Segment Start: Source data

lemma aP_binomial_sum:
  assumes "n \<ge> 1" shows "aP n = (\<Sum>i<n. (n + 2 * i - 1) choose (3 * i))"
proof -
  have "int (aP (m + 1)) = int (binom_sum 0 m)" for m
  proof (rule linear_recurrence_eqI[where f = "\<lambda>m. int (aP (m + 1))"])
    show "int (aP (m + 3 + 1)) = 4 * int (aP (m + 2 + 1)) - 3 * int (aP (m + 1 + 1)) + int (aP (m + 1))" for m
      using aP_recurrence[of "m + 4"] by (simp add: eval_nat_numeral)
    have "aP 3 = 6" using aP_recurrence[of 3] aP_initial by simp
    then show "int (aP (0 + 1)) = int (binom_sum 0 0)" "int (aP (1 + 1)) = int (binom_sum 0 1)"
      "int (aP (2 + 1)) = int (binom_sum 0 2)"
      using aP_initial binom_sum_0_initial by (simp_all add: numeral_2_eq_2 numeral_3_eq_3)
  qed (rule binom_sum_0_rec)
  then have "aP n = binom_sum 0 (n - 1)" using assms by (metis le_add_diff_inverse2 of_nat_eq_iff)
  also have "\<dots> = (\<Sum>i<n. (n + 2 * i - 1) choose (3 * i))"
    unfolding binom_sum_def using assms by (intro sum.cong) auto
  finally show ?thesis .
qed

lemma aP_fps:
  "Abs_fps (\<lambda>n. real (aP n)) = (1 - 3 * fps_X + fps_X ^ 2) / (1 - 4 * fps_X + 3 * fps_X ^ 2 - fps_X ^ 3)"
proof -
  let ?D = "1 - 4 * fps_X + 3 * fps_X ^ 2 - fps_X ^ 3 :: real fps"
  have "?D $ 0 \<noteq> 0" by (simp add: fps_X_power_nth numeral_fps_const)
  then have "?D \<noteq> 0" by (metis fps_zero_nth)
  then show ?thesis unfolding aP_fps_equation[symmetric] by (rule nonzero_mult_div_cancel_left[symmetric])
qed

lemma pop_avoids_popP_iff_classical:
  "\<pi> \<in> perms n \<Longrightarrow> pop_avoids 4 popP \<pi> \<longleftrightarrow>
     (\<forall>q\<in>{[4,1,3,2], [4,2,1,3], [3,2,1,4], [4,1,2,3], [3,1,2,4]}. pat_avoids q \<pi>)"
  using pop_contains_popP_iff_classical[of \<pi>]
  by (auto simp: perms_def pop_avoids_def pat_avoids_def)

theorem theorem3p12:
  shows "(\<forall>n. \<forall>\<pi>\<in>perms n. pop_avoids 4 popP \<pi> \<longleftrightarrow>
             (\<forall>q\<in>{[4,1,3,2], [4,2,1,3], [3,2,1,4], [4,1,2,3], [3,1,2,4]}. pat_avoids q \<pi>))
    \<and> aP 0 = 1 \<and> aP 1 = 1 \<and> aP 2 = 2
    \<and> (\<forall>n\<ge>3. int (aP n) = 4 * int (aP (n - 1)) - 3 * int (aP (n - 2)) + int (aP (n - 3)))
    \<and> (\<forall>n\<ge>1. aP n = (\<Sum>i<n. (n + 2 * i - 1) choose (3 * i)))
    \<and> Abs_fps (\<lambda>n. real (aP n)) =
        (1 - 3 * fps_X + fps_X ^ 2) / (1 - 4 * fps_X + 3 * fps_X ^ 2 - fps_X ^ 3)"
  using pop_avoids_popP_iff_classical aP_initial aP_recurrence aP_binomial_sum aP_fps by blast

end
lemma prefix_min_attained:
  assumes "2 \<le> q"
  obtains u where "u \<in> {1..<q}" "ltr_min w u" "w u = prefix_min w q"
proof -
  define U where "U = {u\<in>{1..<q}. w u = prefix_min w q}"
  have "prefix_min w q \<in> w ` {1..<q}" unfolding prefix_min_def using assms by (intro Min_in) auto
  then have "U \<noteq> {}" unfolding U_def by auto
  then have "Min U \<in> U" unfolding U_def by (intro Min_in) auto
  moreover have "ltr_min w (Min U)"
    unfolding ltr_min_def
  proof
    fix u assume "u \<in> {1..<Min U}"
    then have "u \<in> {1..<q}" using \<open>Min U \<in> U\<close> unfolding U_def by auto
    then show "w (Min U) \<le> w u" using prefix_min_le \<open>Min U \<in> U\<close> unfolding U_def by auto
  qed
  ultimately show ?thesis using that unfolding U_def by blast
qed

lemma non_ltr_minima_subset: "non_ltr_minima N w \<subseteq> {1..N}"
  unfolding non_ltr_minima_def by auto

lemma finite_non_ltr_minima: "finite (non_ltr_minima N w)"
  using finite_subset[OF non_ltr_minima_subset] by blast

lemma non_ltr_minima_iff: "q \<in> non_ltr_minima N w \<longleftrightarrow> q \<in> {1..N} \<and> 2 \<le> q \<and> prefix_min w q < w q"
  unfolding non_ltr_minima_def using not_ltr_min_iff by auto

lemma antimono_on_prefix_min: "antimono_on (non_ltr_minima N w) (prefix_min w)"
  by (auto simp: antimono_on_iff_less non_ltr_minima_iff intro: prefix_min_antimono)

lemma ltr_min_mask_eqD:
  assumes mask: "ltr_min_mask N w' = ltr_min_mask N w"
  shows "non_ltr_minima N w' = non_ltr_minima N w"
    and "\<forall>q\<in>non_ltr_minima N w. prefix_min w' q = prefix_min w q \<and> prefix_min w q < w' q"
    and "\<forall>v\<in>{1..N} - non_ltr_minima N w. w' v = w v"
proof -
  have ltr_iff: "ltr_min w' v \<longleftrightarrow> ltr_min w v" if "v \<in> {1..N}" for v
    using fun_cong[OF mask, of v] that unfolding ltr_min_mask_def by (auto split: if_splits)
  have same: "w' v = w v" if "v \<in> {1..N}" "ltr_min w v" for v
    using fun_cong[OF mask, of v] that unfolding ltr_min_mask_def by (auto split: if_splits)
  show "non_ltr_minima N w' = non_ltr_minima N w" unfolding non_ltr_minima_def using ltr_iff by auto
  show "\<forall>v\<in>{1..N} - non_ltr_minima N w. w' v = w v" using same unfolding non_ltr_minima_def by auto
  have prefix_eq: "prefix_min w' q = prefix_min w q" if q: "q \<in> {1..N}" "2 \<le> q" for q
  proof -
    obtain u where u: "u \<in> {1..<q}" "ltr_min w u" "w u = prefix_min w q"
      using prefix_min_attained[OF q(2)] .
    obtain u' where u': "u' \<in> {1..<q}" "ltr_min w' u'" "w' u' = prefix_min w' q"
      using prefix_min_attained[OF q(2)] .
    have "u \<in> {1..N}" "u' \<in> {1..N}" using u(1) u'(1) q(1) by auto
    then have "w' u = w u" "w' u' = w u'" using u(2) u'(2) ltr_iff[of u'] same by auto
    then show ?thesis using prefix_min_le[OF u(1), of w'] prefix_min_le[OF u'(1), of w] u u' by simp
  qed
  show "\<forall>q\<in>non_ltr_minima N w. prefix_min w' q = prefix_min w q \<and> prefix_min w q < w' q"
  proof
    fix q assume q: "q \<in> non_ltr_minima N w"
    then have "q \<in> non_ltr_minima N w'" using ltr_iff unfolding non_ltr_minima_def by auto
    then show "prefix_min w' q = prefix_min w q \<and> prefix_min w q < w' q"
      using prefix_eq q unfolding non_ltr_minima_iff by auto
  qed
qed

lemma ltr_min_mask_eqI:
  assumes same: "\<forall>v\<in>{1..N} - non_ltr_minima N w. w' v = w v"
    and above: "\<forall>q\<in>non_ltr_minima N w. prefix_min w q < w' q"
  shows "ltr_min_mask N w' = ltr_min_mask N w"
proof -
  have ltr_iff: "ltr_min w' v \<longleftrightarrow> ltr_min w v" if v: "v \<in> {1..N}" for v
  proof
    assume ltr: "ltr_min w v"
    then have wv: "w' v = w v" using same v unfolding non_ltr_minima_def by auto
    show "ltr_min w' v" unfolding ltr_min_def
    proof
      fix u assume u: "u \<in> {1..<v}"
      show "w' v \<le> w' u"
      proof (cases "ltr_min w u")
        case True
        then have "w' u = w u" using same u v unfolding non_ltr_minima_def by auto
        then show ?thesis using ltr u wv unfolding ltr_min_def by auto
      next
        case False
        then have "u \<in> non_ltr_minima N w" "2 \<le> u" using u v not_ltr_min_iff[of u w]
          unfolding non_ltr_minima_def by auto
        moreover obtain u0 where "u0 \<in> {1..<u}" "w u0 = prefix_min w u"
          using prefix_min_attained[OF \<open>2 \<le> u\<close>] by blast
        moreover have "w v \<le> w u0" using ltr \<open>u0 \<in> {1..<u}\<close> u unfolding ltr_min_def by auto
        ultimately show ?thesis using above wv by fastforce
      qed
    qed
  next
    assume ltr': "ltr_min w' v"
    show "ltr_min w v"
    proof (rule ccontr)
      assume "\<not> ltr_min w v"
      then have "v \<in> non_ltr_minima N w" "2 \<le> v"
        using v not_ltr_min_iff[of v w] unfolding non_ltr_minima_def by auto
      obtain u0 where u0: "u0 \<in> {1..<v}" "ltr_min w u0" "w u0 = prefix_min w v"
        using prefix_min_attained[OF \<open>2 \<le> v\<close>] .
      have "w' u0 = w u0" using same u0 v unfolding non_ltr_minima_def by auto
      then have "w' u0 < w' v" using above \<open>v \<in> non_ltr_minima N w\<close> u0(3) by auto
      then show False using ltr' u0(1) unfolding ltr_min_def by fastforce
    qed
  qed
  show ?thesis
    using ltr_iff same unfolding ltr_min_mask_def non_ltr_minima_def by fastforce
qed

subsection \<open>Pattern avoidance in words\<close>

definition contains_123 :: "nat \<Rightarrow> (nat \<Rightarrow> 'b::linorder) \<Rightarrow> bool" where
  "contains_123 N w \<longleftrightarrow> (\<exists>p q r. 1 \<le> p \<and> p < q \<and> q < r \<and> r \<le> N \<and> w p < w q \<and> w q < w r)"

definition contains_132 :: "nat \<Rightarrow> (nat \<Rightarrow> 'b::linorder) \<Rightarrow> bool" where
  "contains_132 N w \<longleftrightarrow> (\<exists>p q r. 1 \<le> p \<and> p < q \<and> q < r \<and> r \<le> N \<and> w p < w r \<and> w r < w q)"

text \<open>The 1 of either pattern can always be moved to a left-to-right minimum, so only the
  values at the other positions matter.\<close>

lemma not_contains_123_iff: "\<not> contains_123 N w \<longleftrightarrow> antimono_on (non_ltr_minima N w) w"
proof -
  have "contains_123 N w \<longleftrightarrow>
        (\<exists>q\<in>non_ltr_minima N w. \<exists>r\<in>non_ltr_minima N w. q < r \<and> w q < w r)"
  proof
    assume "contains_123 N w"
    then obtain p q r where pqr: "1 \<le> p" "p < q" "q < r" "r \<le> N" "w p < w q" "w q < w r"
      unfolding contains_123_def by blast
    then have "q \<in> non_ltr_minima N w" "r \<in> non_ltr_minima N w"
      unfolding non_ltr_minima_def ltr_min_def by (auto intro!: bexI[of _ p])
    then show "\<exists>q\<in>non_ltr_minima N w. \<exists>r\<in>non_ltr_minima N w. q < r \<and> w q < w r"
      using pqr by blast
  next
    assume "\<exists>q\<in>non_ltr_minima N w. \<exists>r\<in>non_ltr_minima N w. q < r \<and> w q < w r"
    then obtain q r where qr: "q \<in> non_ltr_minima N w" "r \<in> non_ltr_minima N w" "q < r" "w q < w r"
      by blast
    then obtain p where "p \<in> {1..<q}" "w p < w q"
      unfolding non_ltr_minima_def ltr_min_def by (auto simp: not_le)
    then show "contains_123 N w"
      using qr non_ltr_minima_subset unfolding contains_123_def by fastforce
  qed
  then show ?thesis unfolding antimono_on_iff_less by (meson not_le)
qed

lemma not_contains_132_iff:
  "\<not> contains_132 N w \<longleftrightarrow> bounded_descents (non_ltr_minima N w) (prefix_min w) w"
proof -
  have "contains_132 N w \<longleftrightarrow>
        (\<exists>q\<in>non_ltr_minima N w. \<exists>r\<in>non_ltr_minima N w. q < r \<and> w r < w q \<and> prefix_min w q < w r)"
  proof
    assume "contains_132 N w"
    then obtain p q r where pqr: "1 \<le> p" "p < q" "q < r" "r \<le> N" "w p < w r" "w r < w q"
      unfolding contains_132_def by blast
    then have "q \<in> non_ltr_minima N w" "r \<in> non_ltr_minima N w"
      unfolding non_ltr_minima_def ltr_min_def by (auto intro!: bexI[of _ p])
    moreover have "prefix_min w q \<le> w p" using pqr by (intro prefix_min_le) auto
    ultimately show "\<exists>q\<in>non_ltr_minima N w. \<exists>r\<in>non_ltr_minima N w.
                       q < r \<and> w r < w q \<and> prefix_min w q < w r"
      using pqr by force
  next
    assume "\<exists>q\<in>non_ltr_minima N w. \<exists>r\<in>non_ltr_minima N w. q < r \<and> w r < w q \<and> prefix_min w q < w r"
    then obtain q r where qr: "q \<in> non_ltr_minima N w" "r \<in> non_ltr_minima N w" "q < r"
        "w r < w q" "prefix_min w q < w r"
      by blast
    then have "2 \<le> q" by (simp add: non_ltr_minima_iff)
    then obtain p where "p \<in> {1..<q}" "w p = prefix_min w q"
      using prefix_min_attained by blast
    then show "contains_132 N w"
      using qr non_ltr_minima_subset unfolding contains_132_def by fastforce
  qed
  then show ?thesis unfolding bounded_descents_def by (meson not_le)
qed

Segment End: Source data

Filter the records for lines holding the string "assumes". Copy each one.

• _Written answer_
  assumes "n \<ge> 1" shows "aP n = (\<Sum>i<n. (n + 2 * i - 1) choose (3 * i))"
  assumes "2 \<le> q"
  assumes mask: "ltr_min_mask N w' = ltr_min_mask N w"
  assumes same: "\<forall>v\<in>{1..N} - non_ltr_minima N w. w' v = w v"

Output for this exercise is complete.